На скамейке беседки лежал тюфяк, покрытый двумя белыми простынями, и две подушки.
Когда Карташев разделся, лег и потушил свечу, в дверях беседки показалась чья-то фигура.
– Кто тут? – окликнул Карташев.
– Это я, Леонид.
Старший Сикорский присел возле Карташева на скамью и начал молча вздыхать.
Карташев помолчал и спросил:
– В чем дело?
– В том дело, что сегодня я пулю себе в лоб пущу. Вы понимаете, какое положение: до сих пор я вел расходы по конторе. Теперь назначен Рыбалов. Черт его знает, как я просчитал около пятисот рублей. Прямо физической возможности нет все записать. Я рассчитывал, что меня назначат помощником, дадут двести рублей, а дали всего сто двадцать пять рублей, и теперь у меня двухсот рублей не хватает.
– Так возьмите у меня.
– Неужели вы можете? Мне так совестно, я уже должен вам триста… Я отлично помню, как видите, свои долги.
Карташев полез под изголовье, зажег свечку и отсчитал двести рублей.
– Пожалуйста, только брату не говорите.
– Там кто еще?
– Никитка.
Проснувшись утром, Карташев полез в портфель, чтобы дать на чай горничной, но в портфеле ни мелких, ни крупных денег не было.
С выпученными глазами Карташев некоторое время смотрел перед собой.
Он вспомнил, как вчера сверкнули глаза Сикорского, когда он прятал под подушку портфель, и подумал: неужели? И на мгновенье тенью старшего брата покрылась и вся его семья, и гадливое чувство охватило Карташева. Но он сейчас же и прогнал эту мысль, вспомнив, как Марья Андреевна уговаривала его отдать ей на сохранение все деньги.
– Хорошо, что хоть тысячу отдал.
Потом он вспомнил, что и Никитка вчера тут же был, и решил, что украл деньги Никитка.
В конце концов он подумал, вздохнув:
«Э, черт с ними! Пропали так пропали… Могли бы еще убить.
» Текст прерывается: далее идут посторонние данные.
(* Let $A\in\mathbb R^{m\times n}$ and for each $t$ let $\mathcal A_t=\{\mathbf u\in\mathbb R^n: A\mathbf u\ge 0\}$ (componentwise), with negative cone $-\mathcal A_t=\{-\mathbf u:\mathbf u\in\mathcal A_t\}$. Define recursively, backward in $t=T-1,\dots,0$, starting from $a_T^\pm=b_T^\pm=0$: $\widetilde{\mathbf K}_t^+\in\arg\min_{\mathbf K\in\mathcal A_t}F_t^+(\mathbf K)$, $\widetilde{\mathbf K}_t^-\in\arg\min_{\mathbf K\in-\mathcal A_t}F_t^-(\mathbf K)$ (with $F_t^\pm$ built from $a_{t+1}^\pm,b_{t+1}^\pm$), and with $Z_t^\pm=s_t+\mathbf P_t'\widetilde{\mathbf K}_t^\pm$, $a_t^+=\rho_{t+1}\mathbb E[\mathbf P_t]'\widetilde{\mathbf K}_t^++\mathbb E[a_{t+1}^+Z_t^+1_{\{Z_t^+\ge0\}}]+\mathbb E[a_{t+1}^-Z_t^+1_{\{Z_t^+<0\}}]$, $a_t^-=\rho_{t+1}\mathbb E[\mathbf P_t]'\widetilde{\mathbf K}_t^-+\mathbb E[a_{t+1}^+Z_t^-1_{\{Z_t^-\le0\}}]+\mathbb E[a_{t+1}^-Z_t^-1_{\{Z_t^->0\}}]$, $b_t^+=\rho_{t+1}^2(\widetilde{\mathbf K}_t^+)'\mathbb E[\mathbf P_t\mathbf P_t']\widetilde{\mathbf K}_t^++2\rho_{t+1}\mathbb E[a_{t+1}^+Z_t^+\mathbf P_t'\widetilde{\mathbf K}_t^+1_{\{Z_t^+\ge0\}}]+2\rho_{t+1}\mathbb E[a_{t+1}^-Z_t^+\mathbf P_t'\widetilde{\mathbf K}_t^+1_{\{Z_t^+<0\}}]+\mathbb E[b_{t+1}^+(Z_t^+)^21_{\{Z_t^+\ge0\}}]+\mathbb E[b_{t+1}^-(Z_t^+)^21_{\{Z_t^+<0\}}]$, $b_t^-=\rho_{t+1}^2(\widetilde{\mathbf K}_t^-)'\mathbb E[\mathbf P_t\mathbf P_t']\widetilde{\mathbf K}_t^-+2\rho_{t+1}\mathbb E[a_{t+1}^+Z_t^-\mathbf P_t'\widetilde{\mathbf K}_t^-1_{\{Z_t^-\le0\}}]+2\rho_{t+1}\mathbb E[a_{t+1}^-Z_t^-\mathbf P_t'\widetilde{\mathbf K}_t^-1_{\{Z_t^->0\}}]+\mathbb E[b_{t+1}^+(Z_t^-)^21_{\{Z_t^-\le0\}}]+\mathbb E[b_{t+1}^-(Z_t^-)^21_{\{Z_t^->0\}}]$. Then the time consistent behavioral portfolio policy of the cone-constrained nested mean-variance problem is, for $t=0,\dots,T-1$, $$\mathbf u_t^{TC}=\widetilde{\mathbf K}_t^+(X_t-\rho_t^{-1}W)1_{\{X_t\ge\rho_t^{-1}W\}}+\widetilde{\mathbf K}_t^-(X_t-\rho_t^{-1}W)1_{\{X_t<\rho_t^{-1}W\}}.$$
   Context: Market: $T$ periods, one risk-free asset with deterministic gross return $s_t>1$ in period $t$, and $n$ risky assets with random gross return vector $\mathbf e_t$ in period $t$. The excess return vector is $\mathbf P_t=\mathbf e_t-s_t\mathbf 1\in\mathbb R^n$. The vectors $\mathbf P_0,\dots,\mathbf P_{T-1}$ are statistically independent, absolutely continuous, with finite first and second moments, and each covariance matrix $\mathrm{Cov}(\mathbf P_t)=\mathbb E[\mathbf P_t\mathbf P_t']-\mathbb E[\mathbf P_t]\mathbb E[\mathbf P_t]'$ is positive definite. The market is arbitrage-free; in particular, for every nonzero $\mathbf L\in\mathbb R^n$, neither $\mathbf P_t'\mathbf L\le 0$ a.s. nor $\mathbf P_t'\mathbf L\ge 0$ a.s. holds. Write $\rho_t=\prod_{j=t}^{T-1}s_j$ for $t<T$ and $\rho_T=1$. Wealth dynamics: $X_{t+1}=s_tX_t+\mathbf P_t'\mathbf u_t$, where $\mathbf u_t$ is a Markov feedback policy (deterministic function of $X_t$). An investment target $W\in\mathbb R$ is fixed. Behavioral risk aversion: for constants $\gamma_t^+,\gamma_t^-\ge0$, $\gamma_t(X_t)=\gamma_t^+(X_t-\rho_t^{-1}W)$ if $X_t\ge\rho_t^{-1}W$ and $\gamma_t(X_t)=-\gamma_t^-(X_t-\rho_t^{-1}W)$ if $X_t<\rho_t^{-1}W$. Cone-constrained time consistent policy: a Markov policy $(\mathbf u_0^{TC},\dots,\mathbf u_{T-1}^{TC})$ with $\mathbf u_t^{TC}(x)\in\mathcal A_t$ for all $x$ is time consistent if for every $t$ and every wealth level $X_t$, $\mathbf u_t^{TC}(X_t)$ minimizes over $\mathbf u_t\in\mathcal A_t$ the objective $\mathrm{Var}(X_T\mid X_t)-\gamma_t(X_t)\mathbb E[X_T\mid X_t]$, where $X_{t+1}=s_tX_t+\mathbf P_t'\mathbf u_t$ and $X_{j+1}=s_jX_j+\mathbf P_j'\mathbf u_j^{TC}(X_j)$ for $j=t+1,\dots,T-1$. Definition of $F_t^\pm:\mathbb R^n\to\mathbb R$, given deterministic numbers $a_{t+1}^\pm,b_{t+1}^\pm,\gamma_t^\pm$, writing $Z=s_t+\mathbf P_t'\mathbf K$: $$F_t^+(\mathbf K)=\rho_{t+1}^2\mathbf K'\mathrm{Cov}(\mathbf P_t)\mathbf K+\mathbb E\big[(2\rho_{t+1}a_{t+1}^++b_{t+1}^+)Z^21_{\{Z\ge0\}}\big]+\mathbb E\big[(2\rho_{t+1}a_{t+1}^-+b_{t+1}^-)Z^21_{\{Z<0\}}\big]-M_+^2-2\rho_{t+1}M_+\,(s_t+\mathbb E[\mathbf P_t]'\mathbf K)-\gamma_t^+M_+-\rho_{t+1}\gamma_t^+(s_t+\mathbb E[\mathbf P_t]'\mathbf K),$$ where $M_+=\mathbb E[a_{t+1}^+Z1_{\{Z\ge0\}}]+\mathbb E[a_{t+1}^-Z1_{\{Z<0\}}]$; and $$F_t^-(\mathbf K)=\rho_{t+1}^2\mathbf K'\mathrm{Cov}(\mathbf P_t)\mathbf K+\mathbb E\big[(2\rho_{t+1}a_{t+1}^++b_{t+1}^+)Z^21_{\{Z\le0\}}\big]+\mathbb E\big[(2\rho_{t+1}a_{t+1}^-+b_{t+1}^-)Z^21_{\{Z>0\}}\big]-M_-^2-2\rho_{t+1}M_-\,(s_t+\mathbb E[\mathbf P_t]'\mathbf K)+\gamma_t^-M_-+\rho_{t+1}\gamma_t^-(s_t+\mathbb E[\mathbf P_t]'\mathbf K),$$ where $M_-=\mathbb E[a_{t+1}^+Z1_{\{Z\le0\}}]+\mathbb E[a_{t+1}^-Z1_{\{Z>0\}}]$. *)

theory Defs
  imports "HOL-Probability.Probability"
begin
И как-никак я все-таки перебил дорогу этому старшему Сикорскому, и без меня он, очень может быть, был бы тоже помощником начальника дистанции».
И к Карташеву опять возвратилось то приятное и веселое настроение, в котором он уже месяц жил. Какая-то безоблачная радостная жизнь, и за все время не было ни разу этого обычного, владевшего им всегда чувства какого-то страха, что вот-вот вдруг случится что-то страшное, неотразимое и непоправимое.
Было просто весело, легко и радостно на душе, как радостно это утро, река в лучах солнца, куковавшая где-то кукушка, этот сад, манивший своей прохладой, ароматом роз и спелой малиной.
Хорошо бы перелететь теперь туда на Днестр, выкупаться и возвратиться назад.
Он еще раз заглянул в маленькое зеркальце, стоявшее на столе беседки, подумал, что надо прежде всего сегодня остричься, и пошел вверх по дорожке к террасе.
Около розовых клумб он еще издали увидел легкое розовое платье и угадал Елизавету Андреевну.
Она повернулась, и лицо ее сверкнуло ему такой яркой и доброжелательной лаской, что пошлый комплимент, вертевшийся уже в голове Карташева относительно роз и ее розового платья, – так и не сошел с его языка.
– Хорошо спали?
– Отлично, – ответил он, горячо пожимая ей руку.
Она кивнула ему головой и своим нежным голоском сказала:
– Идите пить кофе, я только цветов нарву.
За столом была только Марья Андреевна. После обычных вопросов, как спал, хорошо ли себя чувствует, Карташев принялся за кофе, густые с пенкой сливки и свежие бублики с маслом.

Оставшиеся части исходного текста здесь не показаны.